» **What you should do**
For each line of the listing that contains "forall", make a copy and return it.

[[ Data for this exercise, beginning ]]

(* Let $n\ge 2$, let $\mathcal{S}\subseteq(\mathbb{C}^d)^{\otimes n}$ be the permutation-symmetric subspace, let $|\psi\rangle\in\mathcal{S}$ and let $X$ be a $d\times d$ complex matrix with $X_{(1)}|\psi\rangle\in\mathcal{S}$. Then for all nonnegative integers $p_1,\ldots,p_n$ with $p_1+\cdots+p_n=p$, $$X^p_{(1)}|\psi\rangle=X^{p_1}\otimes X^{p_2}\otimes\cdots\otimes X^{p_n}|\psi\rangle.$$ If $X$ is invertible, the same holds for all integers $p_1,\ldots,p_n$ (possibly negative) with $p_1+\cdots+p_n=p$.
   Context: $\mathcal{S}$ is the set of vectors in $(\mathbb{C}^d)^{\otimes n}$ invariant under all permutations of the $n$ tensor factors. $X^p_{(1)}$ denotes $X^p\otimes\mathbb{I}\otimes\cdots\otimes\mathbb{I}$ on $(\mathbb{C}^d)^{\otimes n}$. *)

theory Defs
  imports "HOL-Combinatorics.Permutations" "Jordan_Normal_Form.Matrix"
begin

text \<open>Vectors of (C^d)^{tensor n} are represented as complex-valued functions on
  index lists (i_1,...,i_n) with each i_k < d; only values on idx d n matter.\<close>

definition idx :: "nat \<Rightarrow> nat \<Rightarrow> nat list set" where
  "idx d n = {is. length is = n \<and> set is \<subseteq> {..<d}}"

definition tensor_apply ::
  "nat \<Rightarrow> nat \<Rightarrow> (nat \<Rightarrow> complex mat) \<Rightarrow> (nat list \<Rightarrow> complex) \<Rightarrow> nat list \<Rightarrow> complex" where
  "tensor_apply d n A \<psi> is = (\<Sum>js\<in>idx d n. (\<Prod>k<n. A k $$ (is ! k, js ! k)) * \<psi> js)"

definition perm_symmetric :: "nat \<Rightarrow> nat \<Rightarrow> (nat list \<Rightarrow> complex) \<Rightarrow> bool" where
  "perm_symmetric d n \<psi> \<longleftrightarrow>
     (\<forall>\<sigma>. \<sigma> permutes {..<n} \<longrightarrow>
        (\<forall>is\<in>idx d n. \<psi> (map (\<lambda>k. is ! \<sigma> k) [0..<n]) = \<psi> is))"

[[ Data for this exercise, end ]]

» **Solution to the exercise**
     (\<forall>\<sigma>. \<sigma> permutes {..<n} \<longrightarrow>
        (\<forall>is\<in>idx d n. \<psi> (map (\<lambda>k. is ! \<sigma> k) [0..<n]) = \<psi> is))"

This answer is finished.